Aga Khan Agency for Habitat
- Abbreviation: AKAH
- Formation: 2016
- Headquarters: 1-3 Avenue de la Paix, 1202 Geneva, Switzerland
- Region served: South Asia; Central Asia; Middle East;
- Affiliations: Aga Khan Development Network
- Website: AKAH

= Aga Khan Agency for Habitat =

Habitat and disaster preparedness agency in Asia

The Aga Khan Agency for Habitat (AKAH) was established in 2016 and is part of the Aga Khan Development Network (AKDN). It is an umbrella of AKDN agencies and programs that have provided aid and delivered training on habitat and disaster preparedness since the 1990s.

The former Aga Khan Planning and Building Service, Pakistan (AKBPSP) is now known as Aga Khan Agency for Habitat. Pakistan.

== History and purpose ==
AKAH operates in Afghanistan, Tajikistan, Syria, Pakistan and India. It bridges various AKDN initiatives, including Focus Humanitarian Assistance, and the Aga Khan Planning and Building Services.

The Agency has provided emergency aid to communities who have suffered the consequences of hurricanes, cyclones, avalanches, tsunamis, flooding, earthquakes and civil conflict. It also works alongside communities occupying high-risk areas to safety plan by providing preparation and response training on natural and man-made disasters, as well as the effects of climate change.

Michael Kocher currently serves as General Manager of the Agency.

AKAH advocates for equitable access to safe physical settings with reduced exposure to the effects of natural disasters regardless of socioeconomic status. To allow for progression and an improved quality of life, the Agency also ensures that these settings are equipped with accessible social and financial resources.

== Disaster preparedness and response ==
AKAH trains volunteer teams to warn and safely evacuate people before disasters strike and respond with first aid, search and rescue, and emergency relief post-disaster.

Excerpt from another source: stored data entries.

lemma col_group_eq_col_swap:
  assumes q: "q \<in> col_group n k" and kn: "2 * k \<le> n"
  shows "q = col_swap (n - k) {j \<in> {1..k}. q j \<noteq> j}"
proof -
  define N where "N = n - k"
  define S where "S = {j \<in> {1..k}. q j \<noteq> j}"
  have SN: "S \<subseteq> {1..N}"
    using kn by (auto simp: S_def N_def)
  have qp: "q permutes {1..n}"
    using q by (simp add: col_group_def Sn_def)
  note pair = col_group_apply_pair[OF q kn, folded N_def]
  note single = col_group_apply_single[OF q kn, folded N_def]
  have "q x = col_swap N S x" for x
  proof -
    have kN: "k \<le> N"
      using kn by (simp add: N_def)
    consider "x \<notin> {1..n}" | "1 \<le> x" "x \<le> k" | "k < x" "x \<le> N" | "N < x" "x \<le> n"
      using le_less_linear[of x k] le_less_linear[of x N] by auto
    then show ?thesis
    proof cases
      case 1
      moreover have "col_swap N S permutes {1..n}"
        unfolding N_def by (rule col_swap_permutes[OF _ kn]) (auto simp: S_def)
      ultimately show ?thesis
        using qp by (simp add: permutes_not_in)
    next
      case 2
      then show ?thesis
        using pair[of x] col_swap_apply_le[OF SN, of x] kN by (auto simp: S_def)
    next
      case 3
      then show ?thesis
        using single[of x] col_swap_apply_le[OF SN, of x] by (auto simp: S_def)
    next
      case 4
      define j where "j = x - N"
      have j: "1 \<le> j" "j \<le> k" "x = j + N"
        using 4 by (auto simp: j_def N_def)
      then show ?thesis
        using pair[of j] col_swap_apply_add[OF SN, of j] kN by (auto simp: S_def)
    qed
  qed
  then have "q = col_swap N S"
    by (rule ext)
  then show ?thesis
    unfolding N_def S_def .
qed

lemma col_swap_bij_col_group:
  assumes "2 * k \<le> n"
  shows "bij_betw (col_swap (n - k)) (Pow {1..k}) (col_group n k)"
proof (rule bij_betw_byWitness[where f' = "\<lambda>q. {j \<in> {1..k}. q j \<noteq> j}"])
  show "\<forall>S\<in>Pow {1..k}. {j \<in> {1..k}. col_swap (n - k) S j \<noteq> j} = S"
  proof
    fix S assume "S \<in> Pow {1..k}"
    then have "S \<subseteq> {1..n - k}"
      using assms by (auto simp: subset_iff)
    then have "col_swap (n - k) S j = (if j \<in> S then j + (n - k) else j)" if "j \<in> {1..k}" for j
      using that assms by (intro col_swap_apply_le) auto
    moreover have "j + (n - k) \<noteq> j" if "j \<in> {1..k}" for j
      using that assms by auto
    ultimately show "{j \<in> {1..k}. col_swap (n - k) S j \<noteq> j} = S"
      using \<open>S \<in> Pow {1..k}\<close> by (auto split: if_splits)
  qed
  show "\<forall>q\<in>col_group n k. col_swap (n - k) {j \<in> {1..k}. q j \<noteq> j} = q"
  proof
    fix q assume "q \<in> col_group n k"
    from col_group_eq_col_swap[OF this assms]
    show "col_swap (n - k) {j \<in> {1..k}. q j \<noteq> j} = q"
      by (rule sym)
  qed
  show "col_swap (n - k) ` Pow {1..k} \<subseteq> col_group n k"
    using col_swap_in_col_group assms by blast
qed auto

lemma col_swap_image_Omega:
  assumes S: "S \<subseteq> {1..k}" and "k \<le> m" "2 * m \<le> n"
  shows "col_swap (n - k) S ` {n-m+1..n} =
    {n-m+1..n-k} \<union> S \<union> ({n-k+1..n} - (\<lambda>j. j + (n - k)) ` S)"
proof -
  define N where "N = n - k"
  have SN: "S \<subseteq> {1..N}" and Sk: "\<And>j. j \<in> S \<Longrightarrow> 1 \<le> j \<and> j \<le> k"
    using assms by (auto simp: N_def subset_iff)
  have N: "n - m \<le> N" "k \<le> n - m" "N + k = n"
    using assms by (auto simp: N_def)
  have "col_swap N S y \<in> {n-m+1..n} \<longleftrightarrow> y \<in> {n-m+1..N} \<union> S \<union> ({N+1..n} - (\<lambda>j. j + N) ` S)"
    for y
  proof -
    consider "y \<notin> {1..n}" | "1 \<le> y" "y \<le> N" | "N < y" "y \<le> n"
      using le_less_linear[of y N] by auto
    then show ?thesis
    proof cases
      case 1
      moreover have "col_swap N S permutes {1..n}"
        unfolding N_def using assms by (intro col_swap_permutes) auto
      ultimately show ?thesis
        using N by (auto simp: permutes_not_in dest: Sk)
    next
      case 2
      then show ?thesis
        using col_swap_apply_le[OF SN 2(2)] N by (auto dest: Sk)
    next
      case 3
      define j where "j = y - N"
      have j: "0 < j" "j \<le> k" "y = j + N"
        using 3 N by (auto simp: j_def)
      then show ?thesis
        using col_swap_apply_add[OF SN j(1)] N by (auto dest: Sk)
    qed
  qed
  then have "col_swap N S ` {n-m+1..n} = {n-m+1..N} \<union> S \<union> ({N+1..n} - (\<lambda>j. j + N) ` S)"
    using image_involution[of "col_swap N S"] col_swap_col_swap[OF SN] by auto
  then show ?thesis
    by (simp only: N_def)
qed

section \<open>The row group of the tableau\<close>

lemma row_group_eq:
  assumes "k \<le> n"
  shows "row_group n k = {p. p permutes {1..n-k} \<union> {n-k+1..n} \<and> p ` {1..n-k} = {1..n-k}}"
proof -
  have rows: "{1..n-k} \<union> {n-k+1..n} = {1..n}" "{1..n-k} \<inter> {n-k+1..n} = {}"
    using assms by auto
  have "tab_row n k 1 = {1..n-k}" "tab_row n k 2 = {n-k+1..n}"
      "\<And>i. i \<noteq> 1 \<Longrightarrow> i \<noteq> 2 \<Longrightarrow> tab_row n k i = {}"
    by (auto simp: tab_row_def)
  then have stab_rows: "(\<forall>i. p ` tab_row n k i = tab_row n k i) \<longleftrightarrow>
      p ` {1..n-k} = {1..n-k} \<and> p ` {n-k+1..n} = {n-k+1..n}" for p
    by (metis image_empty)
  show ?thesis
  proof (intro set_eqI iffI)
    fix p assume "p \<in> row_group n k"
    then show "p \<in> {p. p permutes {1..n-k} \<union> {n-k+1..n} \<and> p ` {1..n-k} = {1..n-k}}"
      using rows(1) stab_rows by (simp add: row_group_def Sn_def)
  next
    fix p assume "p \<in> {p. p permutes {1..n-k} \<union> {n-k+1..n} \<and> p ` {1..n-k} = {1..n-k}}"
    then have "p permutes {1..n-k} \<union> {n-k+1..n}" "p ` {1..n-k} = {1..n-k}"
      by simp_all
    moreover have "p ` {n-k+1..n} = {n-k+1..n}"
      using permutes_Un_image_eq[OF calculation(1) rows(2) calculation(2)] .
    ultimately show "p \<in> row_group n k"
      using rows(1) stab_rows by (simp add: row_group_def Sn_def)
  qed
qed

lemma sum_row_group_image_Omega:
  assumes "k \<le> m" "m \<le> n"
  shows "(\<Sum>p\<in>row_group n k. F (p ` {n-m+1..n})) =
    of_nat (fact k * (fact (m-k) * fact (n-m))) *
      (\<Sum>A | A \<subseteq> {1..n-k} \<and> card A = m - k. F (A \<union> {n-k+1..n}))"
proof -
  define R1 R2 O1 where "R1 = {1..n-k}" and "R2 = {n-k+1..n}" and "O1 = {n-m+1..n-k}"
  have disj: "R1 \<inter> R2 = {}" "O1 \<inter> R2 = {}" "R2 \<inter> R1 = {}" and "O1 \<subseteq> R1"
    and Omega: "{n-m+1..n} = O1 \<union> R2"
    using assms by (auto simp: R1_def R2_def O1_def)
  have image: "(p1 \<circ> p2) ` {n-m+1..n} = p1 ` O1 \<union> R2" if p: "p1 permutes R1" "p2 permutes R2" for p1 p2
  proof -
    have "(p1 \<circ> p2) ` {n-m+1..n} = p1 ` (p2 ` O1 \<union> p2 ` R2)"
      by (simp only: Omega image_comp[symmetric] image_Un)
    also have "\<dots> = p1 ` O1 \<union> p1 ` R2"
      using permutes_image_disjoint[OF p(2) disj(2)] permutes_image[OF p(2)] by (simp add: image_Un)
    also have "p1 ` R2 = R2"
      using p(1) disj(3) by (rule permutes_image_disjoint)
    finally show ?thesis .
  qed
  have "row_group n k = {p. p permutes R1 \<union> R2 \<and> p ` R1 = R1}"
    using row_group_eq assms by (simp add: R1_def R2_def)
  then have "(\<Sum>p\<in>row_group n k. F (p ` {n-m+1..n})) =
      (\<Sum>(p1, p2) \<in> {p. p permutes R1} \<times> {p. p permutes R2}. F ((p1 \<circ> p2) ` {n-m+1..n}))"
    using sum.reindex_bij_betw[OF permutes_Un_stabilizer_bij[OF disj(1)], of "\<lambda>p. F (p ` {n-m+1..n})"]
    by (simp add: case_prod_unfold)
  also have "\<dots> = (\<Sum>p1 | p1 permutes R1. \<Sum>p2 | p2 permutes R2. F ((p1 \<circ> p2) ` {n-m+1..n}))"
    by (rule sum.cartesian_product[symmetric])
  also have "\<dots> = (\<Sum>p1 | p1 permutes R1. \<Sum>p2 | p2 permutes R2. F (p1 ` O1 \<union> R2))"
    by (intro sum.cong refl) (simp only: mem_Collect_eq image)
  also have "\<dots> = of_nat (fact k) * (\<Sum>p1 | p1 permutes R1. F (p1 ` O1 \<union> R2))"
    using assms by (simp add: R2_def card_permutations[OF refl] sum_distrib_left)
  also have "\<dots> = of_nat (fact k) * (of_nat (fact (m-k) * fact (n-m)) *
      (\<Sum>A | A \<subseteq> R1 \<and> card A = m - k. F (A \<union> R2)))"
    using sum_permutes_image[of R1 O1 "\<lambda>A. F (A \<union> R2)"] \<open>O1 \<subseteq> R1\<close> assms
    by (simp add: R1_def O1_def)
  finally show ?thesis
    by (simp add: R1_def R2_def mult.assoc)
qed

section \<open>The coefficient of \<open>e_\<Omega>\<close>\<close>

lemma finite_Sn: "finite (Sn n)"
  unfolding Sn_def by (rule finite_permutations) simp

lemma sum_gr_mult:
  "(\<Sum>g\<in>Sn n. gr_mult n x y g * h g) = (\<Sum>a\<in>Sn n. \<Sum>c\<in>Sn n. x a * y c * h (a \<circ> c))"
proof -
  have "(\<Sum>g\<in>Sn n. gr_mult n x y g * h g) =
      (\<Sum>g\<in>Sn n. \<Sum>a\<in>Sn n. \<Sum>c\<in>Sn n. if a \<circ> c = g then x a * y c * h g else 0)"
    unfolding gr_mult_def sum_distrib_right by (intro sum.cong refl) auto
  also have "\<dots> = (\<Sum>a\<in>Sn n. \<Sum>c\<in>Sn n. \<Sum>g\<in>Sn n. if a \<circ> c = g then x a * y c * h g else 0)"
    by (subst sum.swap) (subst (2) sum.swap, rule refl)
  also have "\<dots> = (\<Sum>a\<in>Sn n. \<Sum>c\<in>Sn n. x a * y c * h (a \<circ> c))"
    using finite_Sn by (intro sum.cong refl) (auto simp: Sn_def permutes_compose)
  finally show ?thesis .
qed

lemma sum_young_c:
  "(\<Sum>g\<in>Sn n. young_c n k g * h g) =
    (\<Sum>q\<in>col_group n k. \<Sum>p\<in>row_group n k. of_int (sign q) * h (q \<circ> p))"
proof -
  have "(\<Sum>g\<in>Sn n. young_c n k g * h g) =
      (\<Sum>q\<in>Sn n. if q \<in> col_group n k then
         (\<Sum>p\<in>Sn n. if p \<in> row_group n k then of_int (sign q) * h (q \<circ> p) else 0) else 0)"
    unfolding young_c_def sum_gr_mult by (auto intro!: sum.cong)
  also have "\<dots> = (\<Sum>q\<in>col_group n k. \<Sum>p\<in>row_group n k. of_int (sign q) * h (q \<circ> p))"
  proof -
    have "col_group n k \<subseteq> Sn n" "row_group n k \<subseteq> Sn n"
      by (auto simp: col_group_def row_group_def)
    then show ?thesis
      by (simp add: sum.inter_restrict[OF finite_Sn, symmetric] Int_absorb1)
  qed
  finally show ?thesis .
qed

lemma B_apply_pi_map_Omega:
  assumes "m \<le> n"
  shows "B_apply n m b (pi_map n m x) (Omega n m) =
    (\<Sum>g\<in>Sn n. x g * b (card (Omega n m \<inter> g ` Omega n m)))"
proof -
  have "g ` Omega n m \<subseteq> {1..n}" "card (g ` Omega n m) = m" if "g \<in> Sn n" for g
    using that assms permutes_image[of g "{1..n}"]
    by (auto simp: Sn_def Omega_def card_image permutes_inj_on)
  then have img: "(\<lambda>g. g ` Omega n m) ` Sn n \<subseteq> msubsets n m"
    by (auto simp: msubsets_def)
  have fin: "finite (msubsets n m)"
    unfolding msubsets_def by (rule finite_subset[of _ "Pow {1..n}"]) auto
  have "B_apply n m b (pi_map n m x) (Omega n m) =
      (\<Sum>\<tau>\<in>msubsets n m. \<Sum>g | g \<in> Sn n \<and> g ` Omega n m = \<tau>. x g * b (card (Omega n m \<inter> g ` Omega n m)))"
    unfolding B_apply_def pi_map_def sum_distrib_left by (intro sum.cong refl) (auto simp: mult.commute)
  also have "\<dots> = (\<Sum>g\<in>Sn n. x g * b (card (Omega n m \<inter> g ` Omega n m)))"
    by (rule sum.group[OF finite_Sn fin img])
  finally show ?thesis .
qed

lemma card_col_swap_image_Omega_Int:
  assumes S: "S \<subseteq> {1..k}" and "k \<le> m" "2 * m \<le> n" and A: "A \<subseteq> {1..n-k}"
  shows "card (col_swap (n - k) S ` {n-m+1..n} \<inter> (A \<union> {n-k+1..n})) =
    card (A \<inter> ({n-m+1..n-k} \<union> S)) + (k - card S)"
proof -
  define X T where "X = {n-m+1..n-k} \<union> S" and "T = (\<lambda>j. j + (n - k)) ` S"
  have "finite S"
    using S finite_subset by blast
  have "X \<subseteq> {1..n-k}" "T \<subseteq> {n-k+1..n}"
    using assms by (auto simp: X_def T_def subset_iff)
  have "col_swap (n - k) S ` {n-m+1..n} \<inter> (A \<union> {n-k+1..n}) = (A \<inter> X) \<union> ({n-k+1..n} - T)"
    using col_swap_image_Omega[OF assms(1-3)] \<open>X \<subseteq> {1..n-k}\<close> A by (auto simp: X_def T_def)
  moreover have "(A \<inter> X) \<inter> ({n-k+1..n} - T) = {}"
    using A by auto
  moreover have "card T = card S"
    unfolding T_def by (rule card_image) (simp add: inj_on_def)
  with \<open>T \<subseteq> {n-k+1..n}\<close> have "card ({n-k+1..n} - T) = k - card S"
    using assms by (simp add: card_Diff_subset finite_subset)
  ultimately show ?thesis
    using A by (simp add: card_Un_disjoint finite_subset X_def)
qed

These volunteers are called Community Emergency Response Teams (CERTs). Presently, a network of 162 CERTs and 36,000 volunteers serve as first responders. More than 50% of the volunteers are women.

In response to disasters, emergency survival relief consists of safe drinking water, temporary shelter, nutritional food, clothing, blankets and basic household items.

The Agency has distributed food and established rehabilitation camps to be used as quarantine sites within the geographic regions it operates in as a response to the impacts of the COVID-19 pandemic.

== Water and sanitation ==
To aid with access to clean water and sanitation, AKAH collaborates with local communities through the Water and Sanitation Extension Programme (WASEP), a flagship programme that has been in operation since 1997. More than 500,000 people have benefitted from the building of the water supply systems.

== Safe and sustainable construction ==
After consultation with local communities, the Agency has pooled resources with the Harvard University Graduate School of Design for solutions to design and construct green, energy-efficient and seismically resilient structures.